Same LHS, different RHS in Haskell

Question

The exercise I need to solve is this:

Write a filter function for Foldable types using foldMap.

filterF 
    :: ( Applicative f
       , Foldable t
       , Monoid (f a)
       ) 
    => (a->Bool) -> t a -> f a
filterF=undefined

The function should return True for all of the following tests:

unit_testFilterF1 = filterF Data.Char.isUpper "aNA aRe mEre" == "NARE"
unit_testFilterF1 = filterF Data.Char.isUpper "aNA aRe mEre" == First (Just 'N')
unit_testFilterF1 = filterF Data.Char.isUpper "aNA aRe mEre" == Min 'A'
unit_testFilterF1 = filterF Data.Char.isUpper "aNA aRe mEre" == Max 'R'
unit_testFilterF1 = filterF Data.Char.isUpper "aNA aRe mEre" == Last (Just 'E')

Using the hints our teacher gave us, I wrote this solution:

filterF 
    :: ( Applicative f
       , Foldable t
       , Monoid (f a)
       ) 
    => (a-> Bool) -> t a -> f a
filterF funct u= foldMap (\x -> if funct x then pure x else mempty) u

Mind you, I obviously don't understand this solution fully, as I can't figure out why those tests return True.
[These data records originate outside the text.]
(* A regular language $L\subseteq\Sigma^*$ is biRFSA if and only if it is topological. Moreover, if $L$ is topological, then the map $\theta\colon J(\mathrm{LQ}(L))\to J(\mathrm{LQ}(L^r))$ defined by $\mathrm{dr}_L(\theta(j))=\tau(j)$, where $\tau(j)=\bigcup\{X\in\mathrm{LQ}(L): j\not\subseteq X\}$, is an nfa isomorphism from $N_L$ to $(N_{L^r})^r$.
   Context: $u^{-1}L=\{w:uw\in L\}$, $U^{-1}L=\bigcup_{u\in U}u^{-1}L$; $w^r$ is the reversal of $w$, $K^r=\{w^r:w\in K\}$, $\overline K=\Sigma^*\setminus K$. $\mathrm{LQ}(L)$ is the finite lattice (under $\subseteq$) of finite unions (including $\emptyset$) of left derivatives of $L$; $J(S)$ is the set of join-irreducible elements of a finite lattice $S$. $L$ is topological if $\mathrm{LQ}(L)$ is a distributive lattice. The canonical residual automaton $N_L$ is the nfa with states $J(\mathrm{LQ}(L))$, transitions $X\xrightarrow{a}Y$ iff $Y\subseteq a^{-1}X$, initial states those $X\subseteq L$, final states those $X$ with $\epsilon\in X$. For an nfa $N$, $N^r$ is its reverse (transitions reversed, initial and final states swapped). $L$ is biRFSA if $N_L$ is isomorphic (as an nfa) to $(N_{L^r})^r$. $\mathrm{dr}_L\colon\mathrm{LQ}(L^r)\to\mathrm{LQ}(L)$, $K\mapsto(\overline{K^r})^{-1}L$, is an order-reversing bijection which restricts to a bijection from $J(\mathrm{LQ}(L^r))$ onto the meet-irreducible elements of $\mathrm{LQ}(L)$. *)

theory Defs
  imports Main
begin

definition regular :: "'a set \<Rightarrow> 'a list set \<Rightarrow> bool" where
  "regular \<Sigma> L \<longleftrightarrow> (\<exists>(Q::nat set) q0 \<delta> F. finite Q \<and> q0 \<in> Q \<and>
      (\<forall>q\<in>Q. \<forall>a\<in>\<Sigma>. \<delta> q a \<in> Q) \<and> F \<subseteq> Q \<and>
      L = {w \<in> lists \<Sigma>. foldl \<delta> q0 w \<in> F})"

definition lderiv :: "'a list \<Rightarrow> 'a list set \<Rightarrow> 'a list set" where
  "lderiv u L = {w. u @ w \<in> L}"

definition lderivs :: "'a list set \<Rightarrow> 'a list set \<Rightarrow> 'a list set" where
  "lderivs U L = (\<Union>u\<in>U. lderiv u L)"

definition revL :: "'a list set \<Rightarrow> 'a list set" where
  "revL K = rev ` K"

definition compl :: "'a set \<Rightarrow> 'a list set \<Rightarrow> 'a list set" where
  "compl \<Sigma> K = lists \<Sigma> - K"

definition LQ :: "'a set \<Rightarrow> 'a list set \<Rightarrow> 'a list set set" where
  "LQ \<Sigma> L = {\<Union>S | S. finite S \<and> S \<subseteq> {lderiv u L | u. u \<in> lists \<Sigma>}}"

definition is_sup :: "'b set set \<Rightarrow> 'b set \<Rightarrow> 'b set \<Rightarrow> 'b set \<Rightarrow> bool" where
  "is_sup S x y m \<longleftrightarrow> m \<in> S \<and> x \<subseteq> m \<and> y \<subseteq> m \<and> (\<forall>z\<in>S. x \<subseteq> z \<and> y \<subseteq> z \<longrightarrow> m \<subseteq> z)"

definition is_inf :: "'b set set \<Rightarrow> 'b set \<Rightarrow> 'b set \<Rightarrow> 'b set \<Rightarrow> bool" where
  "is_inf S x y m \<longleftrightarrow> m \<in> S \<and> m \<subseteq> x \<and> m \<subseteq> y \<and> (\<forall>z\<in>S. z \<subseteq> x \<and> z \<subseteq> y \<longrightarrow> z \<subseteq> m)"

definition supS :: "'b set set \<Rightarrow> 'b set \<Rightarrow> 'b set \<Rightarrow> 'b set" where
  "supS S x y = (THE m. is_sup S x y m)"

definition infS :: "'b set set \<Rightarrow> 'b set \<Rightarrow> 'b set \<Rightarrow> 'b set" where
  "infS S x y = (THE m. is_inf S x y m)"

definition botS :: "'b set set \<Rightarrow> 'b set" where
  "botS S = (THE b. b \<in> S \<and> (\<forall>y\<in>S. b \<subseteq> y))"

definition distributive_lattice :: "'b set set \<Rightarrow> bool" where
  "distributive_lattice S \<longleftrightarrow>
     (\<forall>x\<in>S. \<forall>y\<in>S. (\<exists>m. is_sup S x y m) \<and> (\<exists>m. is_inf S x y m)) \<and>
     (\<forall>x\<in>S. \<forall>y\<in>S. \<forall>z\<in>S. infS S x (supS S y z) = supS S (infS S x y) (infS S x z))"

definition JI :: "'b set set \<Rightarrow> 'b set set" where
  "JI S = {x \<in> S. x \<noteq> botS S \<and> (\<forall>y\<in>S. \<forall>z\<in>S. x = supS S y z \<longrightarrow> x = y \<or> x = z)}"

record ('s, 'a) nfa =
  states :: "'s set"
  trans :: "('s \<times> 'a \<times> 's) set"
  init :: "'s set"
  final :: "'s set"

definition nfa_rev :: "('s, 'a) nfa \<Rightarrow> ('s, 'a) nfa" where
  "nfa_rev N = \<lparr> states = states N, trans = {(q, a, p). (p, a, q) \<in> trans N},
                 init = final N, final = init N \<rparr>"

definition nfa_iso :: "('s \<Rightarrow> 't) \<Rightarrow> ('s, 'a) nfa \<Rightarrow> ('t, 'a) nfa \<Rightarrow> bool" where
  "nfa_iso f N M \<longleftrightarrow> bij_betw f (states N) (states M) \<and>
     (\<forall>p\<in>states N. \<forall>q\<in>states N. \<forall>a. (p, a, q) \<in> trans N \<longleftrightarrow> (f p, a, f q) \<in> trans M) \<and>
     (\<forall>p\<in>states N. p \<in> init N \<longleftrightarrow> f p \<in> init M) \<and>
     (\<forall>p\<in>states N. p \<in> final N \<longleftrightarrow> f p \<in> final M)"

definition nfa_isomorphic :: "('s, 'a) nfa \<Rightarrow> ('t, 'a) nfa \<Rightarrow> bool" where
  "nfa_isomorphic N M \<longleftrightarrow> (\<exists>f. nfa_iso f N M)"

definition canonical_RFSA :: "'a set \<Rightarrow> 'a list set \<Rightarrow> ('a list set, 'a) nfa" where
  "canonical_RFSA \<Sigma> L = \<lparr> states = JI (LQ \<Sigma> L),
     trans = {(X, a, Y). X \<in> JI (LQ \<Sigma> L) \<and> Y \<in> JI (LQ \<Sigma> L) \<and> a \<in> \<Sigma> \<and> Y \<subseteq> lderiv [a] X},
     init = {X \<in> JI (LQ \<Sigma> L). X \<subseteq> L},
     final = {X \<in> JI (LQ \<Sigma> L). [] \<in> X} \<rparr>"

definition topological :: "'a set \<Rightarrow> 'a list set \<Rightarrow> bool" where
  "topological \<Sigma> L \<longleftrightarrow> distributive_lattice (LQ \<Sigma> L)"

definition biRFSA :: "'a set \<Rightarrow> 'a list set \<Rightarrow> bool" where
  "biRFSA \<Sigma> L \<longleftrightarrow> nfa_isomorphic (canonical_RFSA \<Sigma> L) (nfa_rev (canonical_RFSA \<Sigma> (revL L)))"

definition dr :: "'a set \<Rightarrow> 'a list set \<Rightarrow> 'a list set \<Rightarrow> 'a list set" where
  "dr \<Sigma> L K = lderivs (compl \<Sigma> (revL K)) L"

definition tau :: "'a set \<Rightarrow> 'a list set \<Rightarrow> 'a list set \<Rightarrow> 'a list set" where
  "tau \<Sigma> L j = \<Union>{X \<in> LQ \<Sigma> L. \<not> j \<subseteq> X}"

definition theta :: "'a set \<Rightarrow> 'a list set \<Rightarrow> 'a list set \<Rightarrow> 'a list set" where
  "theta \<Sigma> L j = (THE k. k \<in> LQ \<Sigma> (revL L) \<and> dr \<Sigma> L k = tau \<Sigma> L j)"

end

theory Submission
  imports Defs
begin

(* A family of sets closed under finite unions is distributive iff each join-irreducible j is
   union-prime, i.e. iff j has a generator: an element v of j such that every member of the
   family containing v contains j.

   In the canonical residual automaton N_M the right language of a state X is X itself, and
   y^{-1}M is the union of the states reached by y. So if f is an isomorphism from N_L to the
   reverse of N_{L^r}, the left language of X is (f X)^r and the left language of f X is X^r.
   Writing f X = y^{-1}L^r, join-irreducibility forces f X to be reached by y, so rev y \<in> X;
   and whenever u rev y \<in> L, rev u lies in f X, so u reaches X and X \<subseteq> u^{-1}L. Thus rev y
   generates X.

   Conversely, if v generates j then {w. j \<subseteq> (rev w)^{-1}L} = (rev v)^{-1}L^r, and dr maps this
   set to \<tau>(j), so it is \<theta>(j). In this description \<theta> is visibly a bijection between the
   join-irreducibles that reverses transitions and exchanges initial and final states. *)

definition union_closed :: "'b set set \<Rightarrow> bool" where
  "union_closed S \<longleftrightarrow> {} \<in> S \<and> (\<forall>x\<in>S. \<forall>y\<in>S. x \<union> y \<in> S)"

definition union_prime :: "'b set set \<Rightarrow> 'b set \<Rightarrow> bool" where
  "union_prime S j \<longleftrightarrow> (\<forall>A\<in>S. \<forall>B\<in>S. j \<subseteq> A \<union> B \<longrightarrow> j \<subseteq> A \<or> j \<subseteq> B)"

definition is_generator :: "'b set set \<Rightarrow> 'b set \<Rightarrow> 'b \<Rightarrow> bool" where
  "is_generator S X v \<longleftrightarrow> v \<in> X \<and> (\<forall>C\<in>S. v \<in> C \<longrightarrow> X \<subseteq> C)"

lemma union_closed_Union:
  assumes "union_closed S" "finite T" "T \<subseteq> S"
  shows "\<Union>T \<in> S"
  using assms(2,3) by (induction T rule: finite_induct) (use assms(1) in \<open>auto simp: union_closed_def\<close>)

lemma supS_eq_Un: "union_closed S \<Longrightarrow> x \<in> S \<Longrightarrow> y \<in> S \<Longrightarrow> supS S x y = x \<union> y"
  unfolding supS_def by (rule the_equality) (auto simp: is_sup_def union_closed_def)

lemma infS_eq_Union:
  assumes "union_closed S" "finite S" "x \<in> S" "y \<in> S"
  shows "infS S x y = \<Union>{z\<in>S. z \<subseteq> x \<and> z \<subseteq> y}" (is "_ = ?m")
proof -
  have "?m \<in> S"
    using assms by (intro union_closed_Union) auto
  then have "is_inf S x y ?m"
    unfolding is_inf_def by blast
  then show ?thesis
    unfolding infS_def by (rule the_equality) (auto simp: is_inf_def)
qed

lemma botS_eq_empty: "union_closed S \<Longrightarrow> botS S = {}"
  unfolding botS_def by (rule the_equality) (auto simp: union_closed_def)

lemma JI_union_closed:
  "union_closed S \<Longrightarrow>
     JI S = {x\<in>S. x \<noteq> {} \<and> (\<forall>y\<in>S. \<forall>z\<in>S. x = y \<union> z \<longrightarrow> x = y \<or> x = z)}"
  unfolding JI_def by (auto simp: botS_eq_empty supS_eq_Un)

lemma JI_subset: "union_closed S \<Longrightarrow> JI S \<subseteq> S"
  by (auto simp: JI_union_closed)

lemma JI_nonempty: "union_closed S \<Longrightarrow> x \<in> JI S \<Longrightarrow> x \<noteq> {}"
  by (auto simp: JI_union_closed)

lemma JI_mem_of_Union:
  assumes S: "union_closed S" and x: "x \<in> JI S" and T: "finite T" "T \<subseteq> S" "x = \<Union>T"
  shows "x \<in> T"
  using T
proof (induction T rule: finite_induct)
  case empty
  then show ?case using JI_nonempty[OF S x] by simp
next
  case (insert t T)
  then have "x = t \<or> x = \<Union>T"
    using x union_closed_Union[OF S, of T] unfolding JI_union_closed[OF S] by auto
  then show ?case using insert by auto
qed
What I do understand is this:

• filterF receives 2 arguments: funct (a function that takes an argument of type a and returns a Bool) and u (a foldable monoid)
• We let funct decide, for every element in u, if it should stay or not. If it does stay, we "raise" it up to the "rank" of an Applicative with pure
• we then combine all of the elements into one using the operation defined by the monoidal state of f

Given that in the tests we have the same LHS and different RHS, I would guess that the RHS influences the structure of f. A bit like how we would do in:

unit_testFilterF6=filterF Data.Char.isUpper"aNA aRe mEre" :: First Char

Can someone explain further what's going on here? I am a Haskell beginner.

Answer 1

Let's write f for (\x -> if funct x then pure x else mempty), when funct is Data.Char.isUpper.
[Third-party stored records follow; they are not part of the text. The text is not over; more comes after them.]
(* Let $G$ be a line graph with vertex order $v_1,\ldots,v_n$, let $D$ be a minimal dominating set of $G$, let $u,w\in D$ be adjacent, let $v\in P_D(u)$, and let $X_{uv}$, $D^*$, $Z_{uv}$ be as in the context. Then: $X_{uv}=\emptyset$; each vertex of $Z_{uv}$ is adjacent to exactly one vertex of $P_{D^*}(v)\setminus N[u]$; and each vertex of $P_{D^*}(v)\setminus N[u]$ is adjacent to exactly one vertex of $Z_{uv}$.
   Context: Graphs are finite, simple, undirected; $N(x)$ is the open and $N[x]=N(x)\cup\{x\}$ the closed neighborhood, $N[S]=\bigcup_{x\in S}N[x]$. A line graph is a graph isomorphic to $L(H)$ for some graph $H$, where $L(H)$ has vertex set $E(H)$ and two vertices are adjacent iff the edges share an endpoint. A dominating set is $D\subseteq V(G)$ with $N[D]=V(G)$; it is minimal if no proper subset is dominating. For a dominating set $D$ and $x\in D$, a vertex $y$ is private for $x$ if $y\in N[x]\setminus N[D\setminus\{x\}]$; $P_D[x]$ is the set of such $y$ and $P_D(x)=P_D[x]\cap N(x)$. Fix an order $v_1,\ldots,v_n$ of $V(G)$. Greedy removal from a dominating set $D'$: while the current set $S$ is not a minimal dominating set, remove from $S$ the vertex $v_i$ of smallest index such that $S\setminus\{v_i\}$ is still dominating. Given $D,u,v$: $X_{uv}$ is built by starting from $\emptyset$ and repeatedly adding the smallest-index vertex of $P_D(u)\setminus N[\{v\}\cup X_{uv}]$ while this set is nonempty. Let $D'=(D\setminus\{u\})\cup X_{uv}\cup\{v\}$, let $D^*$ be the result of greedy removal from $D'$, and $Z_{uv}=D'\setminus D^*$. *)

theory Defs
  imports Main
begin
theorem lemma4:
  fixes G :: "('a, 'b) monoid_scheme" and \<rho> \<phi> \<psi> :: "'a \<Rightarrow> bool"
  assumes "group G"
    and "\<rho> \<in> H1 G" and "\<phi> \<in> H1 G" and "\<psi> \<in> H1 G"
  defines "K \<equiv> ker1 G \<rho>"
  defines "L \<equiv> K \<inter> ker1 G \<phi>"
  shows "bij_betw (infl G (Xpow G 2 K)) (H1 (G Mod Xpow G 2 K)) (H1 G)
       \<and> bij_betw (infl G (Xpow G 2 L)) (H1 (G Mod Xpow G 2 L)) (H1 G)
       \<and> bij_betw (infl G (Xpow G 4 (carrier G))) (H1 (G Mod Xpow G 4 (carrier G))) (H1 G)
       \<and> (\<forall>\<rho>' \<phi>'. \<rho>' \<in> H1 (G Mod Xpow G 2 K) \<longrightarrow> \<phi>' \<in> H1 (G Mod Xpow G 2 K) \<longrightarrow>
            infl G (Xpow G 2 K) \<rho>' = \<rho> \<longrightarrow> infl G (Xpow G 2 K) \<phi>' = \<phi> \<longrightarrow>
            (H2_eq G (cup \<rho> \<phi>) (\<lambda>x y. False) \<longleftrightarrow>
             H2_eq (G Mod Xpow G 2 K) (cup \<rho>' \<phi>') (\<lambda>x y. False)))
       \<and> (\<forall>\<rho>' \<phi>' \<psi>'. \<rho>' \<in> H1 (G Mod Xpow G 2 L) \<longrightarrow> \<phi>' \<in> H1 (G Mod Xpow G 2 L) \<longrightarrow>
            \<psi>' \<in> H1 (G Mod Xpow G 2 L) \<longrightarrow>
            infl G (Xpow G 2 L) \<rho>' = \<rho> \<longrightarrow> infl G (Xpow G 2 L) \<phi>' = \<phi> \<longrightarrow>
            infl G (Xpow G 2 L) \<psi>' = \<psi> \<longrightarrow>
            (H2_eq G (cup \<phi> \<phi>) (add2 (cup \<rho> \<phi>) (cup \<rho> \<psi>)) \<longleftrightarrow>
             H2_eq (G Mod Xpow G 2 L) (cup \<phi>' \<phi>') (add2 (cup \<rho>' \<phi>') (cup \<rho>' \<psi>'))))"
proof -
  interpret group G by fact
  have K: "K \<lhd> G" unfolding K_def using assms(2) by (rule ker1_normal)
  have L: "L \<lhd> G" unfolding L_def using K ker1_normal[OF assms(3)] by (rule normal_subgroup_intersect)
  have part3: "H2_eq G (cup \<rho> \<phi>) (\<lambda>x y. False) \<longleftrightarrow>
      H2_eq (G Mod Xpow G 2 K) (cup \<rho>' \<phi>') (\<lambda>x y. False)"
    if "infl G (Xpow G 2 K) \<rho>' = \<rho>" "infl G (Xpow G 2 K) \<phi>' = \<phi>" for \<rho>' \<phi>'
    unfolding H2_eq_def using infl_rcos[OF that(1)] infl_rcos[OF that(2)]
    by (intro coboundary2_Xpow2_quotient_iff[OF K]) (auto simp: add2_def cup_def K_def ker1_def)
  have part4: "H2_eq G (cup \<phi> \<phi>) (add2 (cup \<rho> \<phi>) (cup \<rho> \<psi>)) \<longleftrightarrow>
      H2_eq (G Mod Xpow G 2 L) (cup \<phi>' \<phi>') (add2 (cup \<rho>' \<phi>') (cup \<rho>' \<psi>'))"
    if "infl G (Xpow G 2 L) \<rho>' = \<rho>" "infl G (Xpow G 2 L) \<phi>' = \<phi>"
      "infl G (Xpow G 2 L) \<psi>' = \<psi>" for \<rho>' \<phi>' \<psi>'
    unfolding H2_eq_def using infl_rcos[OF that(1)] infl_rcos[OF that(2)] infl_rcos[OF that(3)]
    by (intro coboundary2_Xpow2_quotient_iff[OF L]) (auto simp: add2_def cup_def L_def K_def ker1_def)
  show ?thesis
    using bij_betw_infl_H1_Xpow[OF K] bij_betw_infl_H1_Xpow[OF L]
      bij_betw_infl_H1_Xpow[OF normal_self] part3 part4 by simp
qed

end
We can evaluate filterF Data.Char.isUpper "aNA aRe mEre" as follows:

filterF Data.Char.isUpper "aNA aRe mEre"
= -- definition of filterF
folMap f "aNA aRe mEre"
= -- definition of foldMap
f 'a' <> f 'N' <> f 'A' <> f ' ' <> f 'a' <> f 'R' <> ....
= -- definition of f
mempty <> pure 'N' <> pure 'A' <> mempty <> mempty <> pure 'R' <> ...
= -- monoidal laws
pure 'N' <> pure 'A' <> pure 'R' <> pure 'E'

From here, using the definition of <> from the several monoids you mentioned, you should be able to conclude.